October 21, 2016

Send yourself latest XKCD every morning (And learn a bit of Bash scripting along the way)

You’ve probably heard about XKCD, a popular web comic on physics, math, computer science and science in general, and lots of other subjects. Over the years, author Randall Munroe released some pretty awesome pieces such as this, this or this. Wouldn’t it be great if new comics from XKCD automatically appeared in our inbox?

Breaking It Down

We want to send ourselves every new XKCD comic as an email. We want to do this with a Bash script triggered by cron.

For this, we need to get the latest comic data. Also we need to keep track of what we’ve sent, so we don’t send the same thing again and again. After deciding there’s a new comic that we haven’t sent to our email address, we’ll send it.

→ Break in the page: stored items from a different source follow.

lemma walsh_eq_sum_add_char:
  "walsh p n d b a = (\<Sum>x\<in>UNIV. add_char p n (b * x ^ d - a * x :: 'a))"
  unfolding walsh_def zeta_diff_trval ..

lemma walsh_at_0:
  fixes b :: 'a
  assumes "n > 0" "b \<noteq> 0" "bij (\<lambda>x::'a. x ^ d)"
  shows "walsh p n d b 0 = 0"
proof -
  have "walsh p n d b 0 = (\<Sum>x\<in>UNIV. add_char p n (b * x ^ d))"
    unfolding walsh_eq_sum_add_char by simp
  also have "\<dots> = (\<Sum>y\<in>UNIV. add_char p n (b * y))"
    using sum.reindex_bij_betw[OF assms(3), of "\<lambda>y. add_char p n (b * y)"] .
  also have "\<dots> = (\<Sum>z\<in>UNIV. add_char p n (z :: 'a))"
    by (rule sum.reindex_bij_witness[of _ "\<lambda>z. z / b" "\<lambda>y. b * y"]) (use assms(2) in auto)
  also have "\<dots> = 0"
    using sum_add_char[OF assms(1)] .
  finally show ?thesis .
qed

lemma cmod_walsh_eq_cmod_crosscorr:
  fixes \<sigma> b a :: 'a
  assumes "primitive_element \<sigma>" "d > 0" "bij (\<lambda>x::'a. x ^ d)" "b \<noteq> 0" "a \<noteq> 0"
  shows "\<exists>\<tau> < card (UNIV :: 'a set) - 1.
           cmod (walsh p n d b a) = cmod (1 + crosscorr p n \<sigma> d \<tau>)"
proof -
  obtain \<beta> :: 'a where \<beta>: "\<beta> ^ d = b"
    using surjD[OF bij_is_surj[OF assms(3)], of b] by auto
  with assms(2,4) have "\<beta> \<noteq> 0"
    by auto
  define c where "c = a / \<beta>"
  have "c \<in> (\<lambda>t. \<sigma> ^ t) ` {..<card (UNIV :: 'a set) - 1}"
    using assms(5) \<open>\<beta> \<noteq> 0\<close> bij_betw_imp_surj_on[OF primitive_element_bij_betw[OF assms(1)]]
    unfolding c_def by simp
  then obtain \<tau> where \<tau>: "\<tau> < card (UNIV :: 'a set) - 1" "\<sigma> ^ \<tau> = c"
    by auto
  have "walsh p n d b a = (\<Sum>y\<in>UNIV. add_char p n (y ^ d - y * c))"
    unfolding walsh_eq_sum_add_char
  proof (rule sum.reindex_bij_witness[of _ "\<lambda>y. y / \<beta>" "\<lambda>x. \<beta> * x"])
    fix x :: 'a
    show "add_char p n ((\<beta> * x) ^ d - \<beta> * x * c) = add_char p n (b * x ^ d - a * x)"
      using \<open>\<beta> \<noteq> 0\<close> \<beta> unfolding c_def by (simp add: power_mult_distrib mult.commute[of x a])
  qed (use \<open>\<beta> \<noteq> 0\<close> in auto)
  also have "\<dots> = cnj (\<Sum>y\<in>UNIV. add_char p n (y * c - y ^ d))"
    by (simp add: cnj_add_char)
  also have "(\<Sum>y\<in>UNIV. add_char p n (y * c - y ^ d)) =
             add_char p n (0 * c - 0 ^ d) + (\<Sum>y\<in>UNIV - {0}. add_char p n (y * c - y ^ d))"
    by (rule sum.remove) auto
  also have "\<dots> = 1 + crosscorr p n \<sigma> d \<tau>"
    using assms(2) by (simp add: power_0_left add_char_0 crosscorr_eq_sum_add_char[OF assms(1)] \<tau>(2))
  finally have "cmod (walsh p n d b a) = cmod (1 + crosscorr p n \<sigma> d \<tau>)"
    by (simp only: complex_mod_cnj)
  with \<tau>(1) show ?thesis
    by blast
qed

end

theorem mainTheorem3:
  fixes \<sigma> :: "'a::{field,finite}" and p n s d :: nat
  assumes "prime p" and "n > 0" and "card (UNIV :: 'a set) = p ^ n"
    and "d > 0" and "coprime d (p ^ n - 1)"
    and "primitive_element \<sigma>"
    and "crosscorr p n \<sigma> d ` {0 .. p ^ n - 2} =
         {-1, -1 + complex_of_real (real p powr (real (n + s) / 2)),
              -1 - complex_of_real (real p powr (real (n + s) / 2))}"
  shows "\<forall>b a. b \<noteq> (0::'a) \<longrightarrow>
           cmod (walsh p n d b a) \<in> {0, real p powr (real (n + s) / 2)}"
proof (intro allI impI)
  fix b a :: 'a
  assume "b \<noteq> 0"
  define P where "P = real p powr (real (n + s) / 2)"
  have "coprime d (card (UNIV :: 'a set) - 1)"
    using assms(3,5) by simp
  then have power_bij: "bij (\<lambda>x::'a. x ^ d)"
    using bij_power_if_coprime assms(4) by blast
  show "cmod (walsh p n d b a) \<in> {0, P}"
  proof (cases "a = 0")
    case True
    then show ?thesis
      using walsh_at_0[OF assms(1,3,2) \<open>b \<noteq> 0\<close> power_bij] by simp
  next
    case False
    then obtain \<tau> where "\<tau> < p ^ n - 1"
      and walsh_\<tau>: "cmod (walsh p n d b a) = cmod (1 + crosscorr p n \<sigma> d \<tau>)"
      using cmod_walsh_eq_cmod_crosscorr[OF assms(1,3,6,4) power_bij \<open>b \<noteq> 0\<close>] assms(3) by auto
    then have "crosscorr p n \<sigma> d \<tau> \<in> {-1, -1 + complex_of_real P, -1 - complex_of_real P}"
      using assms(7) unfolding P_def by auto
    moreover have "P \<ge> 0"
      unfolding P_def by simp
    ultimately show ?thesis
      unfolding walsh_\<tau> by (elim insertE) auto
  qed
qed

end
lemma finite_inter_prop_maximal:
  assumes "F0 \<subseteq> Collect P" "finite_inter_prop Y F0"
  shows "\<exists>M. F0 \<subseteq> M \<and> M \<subseteq> Collect P \<and> finite_inter_prop Y M \<and>
           (\<forall>X. M \<subseteq> X \<longrightarrow> X \<subseteq> Collect P \<longrightarrow> finite_inter_prop Y X \<longrightarrow> X = M)"
proof -
  define \<P> where "\<P> = {F. F \<subseteq> Collect P \<and> F0 \<subseteq> F \<and> finite_inter_prop Y F}"
  have "\<exists>M\<in>\<P>. \<forall>X\<in>\<P>. M \<subseteq> X \<longrightarrow> X = M"
  proof (rule subset_Zorn)
    fix C assume C: "subset.chain \<P> C"
    then have CP: "C \<subseteq> \<P>" by (simp add: subset_chain_def)
    show "\<exists>U\<in>\<P>. \<forall>X\<in>C. X \<subseteq> U"
    proof (cases "C = {}")
      case True then show ?thesis using assms unfolding \<P>_def by blast
    next
      case False
      have "finite_inter_prop Y (\<Union>C)"
        unfolding finite_inter_prop_def
      proof (intro allI impI)
        fix G assume G: "G \<subseteq> \<Union>C" "finite G"
        then obtain F where F: "F \<in> C" "G \<subseteq> F" using finite_subset_Union_chain[OF _ _ False C] by blast
        then have "finite_inter_prop Y F" using CP unfolding \<P>_def by blast
        then show "Y \<inter> \<Inter>G \<noteq> {}" using F(2) G(2) unfolding finite_inter_prop_def by blast
      qed
      moreover have "\<Union>C \<subseteq> Collect P" "F0 \<subseteq> \<Union>C" using CP False unfolding \<P>_def by blast+
      ultimately have "\<Union>C \<in> \<P>" unfolding \<P>_def by blast
      then show ?thesis by blast
    qed
  qed
  then obtain M where M: "M \<in> \<P>" and max: "\<forall>X\<in>\<P>. M \<subseteq> X \<longrightarrow> X = M" by blast
  have "\<forall>X. M \<subseteq> X \<longrightarrow> X \<subseteq> Collect P \<longrightarrow> finite_inter_prop Y X \<longrightarrow> X = M"
  proof (intro allI impI)
    fix X assume "M \<subseteq> X" "X \<subseteq> Collect P" "finite_inter_prop Y X"
    moreover have "F0 \<subseteq> X" using M \<open>M \<subseteq> X\<close> unfolding \<P>_def by blast
    ultimately show "X = M" using max unfolding \<P>_def by blast
  qed
  moreover have "F0 \<subseteq> M" "M \<subseteq> Collect P" "finite_inter_prop Y M" using M unfolding \<P>_def by blast+
  ultimately show ?thesis by blast
qed

lemma finite_inter_prop_insert:
  assumes M: "finite_inter_prop Y M" and F: "\<And>G. \<lbrakk>G \<subseteq> M; finite G\<rbrakk> \<Longrightarrow> Y \<inter> \<Inter>G \<inter> F \<noteq> {}"
  shows "finite_inter_prop Y (insert F M)"
  unfolding finite_inter_prop_def
proof (intro allI impI)
  fix G assume G: "G \<subseteq> insert F M" "finite G"
  show "Y \<inter> \<Inter>G \<noteq> {}"
  proof (cases "F \<in> G")
    case False
    then show ?thesis using M G unfolding finite_inter_prop_def by blast
  next
    case True
    have "\<Inter>G = \<Inter>(G - {F}) \<inter> F" using True by blast
    then show ?thesis using F[of "G - {F}"] G True by (simp add: Int_assoc subset_insert_iff)
  qed
qed
lemma hom_poly4_differentiable:
  assumes "hom_poly4 m f"
  shows "f differentiable at X"
proof -
  obtain coef where "\<And>P. f P = (\<Sum>a\<le>m. \<Sum>b\<le>m. \<Sum>c\<le>m. \<Sum>d\<le>m.
        if a + b + c + d = m
        then coef a b c d * xc P ^ a * yc P ^ b * zc P ^ c * wc P ^ d else 0)"
    using assms unfolding hom_poly4_def by blast
  then have "f = (\<lambda>P. \<Sum>a\<le>m. \<Sum>b\<le>m. \<Sum>c\<le>m. \<Sum>d\<le>m.
        of_bool (a + b + c + d = m) * coef a b c d * P$1 ^ a * P$2 ^ b * P$3 ^ c * P$4 ^ d)"
    by (auto simp: fun_eq_iff xc_def yc_def zc_def wc_def intro!: sum.cong)
  then show ?thesis
    by (auto intro!: differentiable_sum differentiable_mult differentiable_power
        differentiable_component)
qed

lemma hom_poly4_scaleR:
  assumes "hom_poly4 m f"
  shows "f (s *\<^sub>R X) = s ^ m * f X"
proof -
  obtain coef where f: "\<And>P. f P = (\<Sum>a\<le>m. \<Sum>b\<le>m. \<Sum>c\<le>m. \<Sum>d\<le>m.
        if a + b + c + d = m
        then coef a b c d * xc P ^ a * yc P ^ b * zc P ^ c * wc P ^ d else 0)"
    using assms unfolding hom_poly4_def by blast
  have "f (s *\<^sub>R X) = (\<Sum>a\<le>m. \<Sum>b\<le>m. \<Sum>c\<le>m. \<Sum>d\<le>m. s ^ m *
      (if a + b + c + d = m then coef a b c d * xc X ^ a * yc X ^ b * zc X ^ c * wc X ^ d else 0))"
    unfolding f
  proof (intro sum.cong refl)
    fix a b c d
    show "(if a + b + c + d = m then coef a b c d * xc (s *\<^sub>R X) ^ a * yc (s *\<^sub>R X) ^ b
             * zc (s *\<^sub>R X) ^ c * wc (s *\<^sub>R X) ^ d else 0)
        = s ^ m * (if a + b + c + d = m then coef a b c d * xc X ^ a * yc X ^ b * zc X ^ c
             * wc X ^ d else 0)"
      by (cases "a + b + c + d = m")
        (auto simp: xc_def yc_def zc_def wc_def power_mult_distrib power_add mult_ac)
  qed
  then show ?thesis
    unfolding f by (simp add: sum_distrib_left)
qed

lemma euler_homogeneous:
  fixes f :: "'a::real_normed_vector \<Rightarrow> real"
  assumes hom: "\<And>s. f (s *\<^sub>R X) = s ^ m * f X" and f: "(f has_derivative D) (at X)"
  shows "D X = real m * f X"
proof -
  have "((\<lambda>s. s *\<^sub>R X) has_derivative (\<lambda>s. s *\<^sub>R X)) (at 1)"
    by (auto intro!: derivative_eq_intros)
  moreover have "(f has_derivative D) (at (1 *\<^sub>R X))"
    using f by simp
  ultimately have "((f \<circ> (\<lambda>s. s *\<^sub>R X)) has_derivative (D \<circ> (\<lambda>s. s *\<^sub>R X)))
      (at 1)"
    by (rule diff_chain_at)
  moreover have "D \<circ> (\<lambda>s. s *\<^sub>R X) = (\<lambda>s. D X * s)"
    using has_derivative_bounded_linear[OF f]
    by (auto simp: fun_eq_iff linear_simps(5) bounded_linear.linear)
  ultimately have "((\<lambda>s. s ^ m * f X) has_field_derivative D X) (at 1)"
    by (simp add: has_field_derivative_def o_def hom)
  moreover have "((\<lambda>s. s ^ m * f X) has_field_derivative real m * f X) (at 1)"
    by (auto intro!: derivative_eq_intros)
  ultimately show ?thesis
    by (rule DERIV_unique)
qed

lemma hom_poly4_euler:
  assumes "hom_poly4 m f"
  shows "(\<Sum>j\<in>UNIV. X $ j * partial f j X) = real m * f X"
proof -
  obtain D where D: "(f has_derivative D) (at X)"
    using hom_poly4_differentiable[OF assms] by (auto simp: differentiable_def)
  then have "linear D"
    by (simp add: has_derivative_linear)
  have "D X = D (\<Sum>j\<in>UNIV. X $ j *\<^sub>R axis j 1)"
    using basis_expansion[of X] by (simp add: scalar_mult_eq_scaleR)
  also have "\<dots> = (\<Sum>j\<in>UNIV. X $ j * D (axis j 1))"
    using \<open>linear D\<close> by (simp add: linear_sum linear_scale o_def)
  also have "\<dots> = (\<Sum>j\<in>UNIV. X $ j * partial f j X)"
    by (simp add: partial_eq_derivative[OF D])
  finally show ?thesis
    using euler_homogeneous[OF hom_poly4_scaleR[OF assms] D] by simp
qed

Upon a little research on the website, I realized that XKCD serves a JSON endpoint here, which includes the latest comic, it’s number, the image url, alt text; basically everything we need.

{
    "month": "10",
    "num": 1749,
    "link": "",
    "year": "2016",
    "news": "",
    "safe_title": "Mushrooms",
    "transcript": "",
    "alt": "Evolutionarily speaking, mushrooms are technically a type of ghost.",
    "img": "http:\/\/imgs.xkcd.com\/comics\/mushrooms.png",
    "title": "Mushrooms",
    "day": "21"
}

We can use the num field, which is like an ID, to store what we sent the last time and realize if there is a new comic released.

If we break it down to independent Bash tasks, these are the seven tasks we need to be able to accomplish to finish this project, using Bash.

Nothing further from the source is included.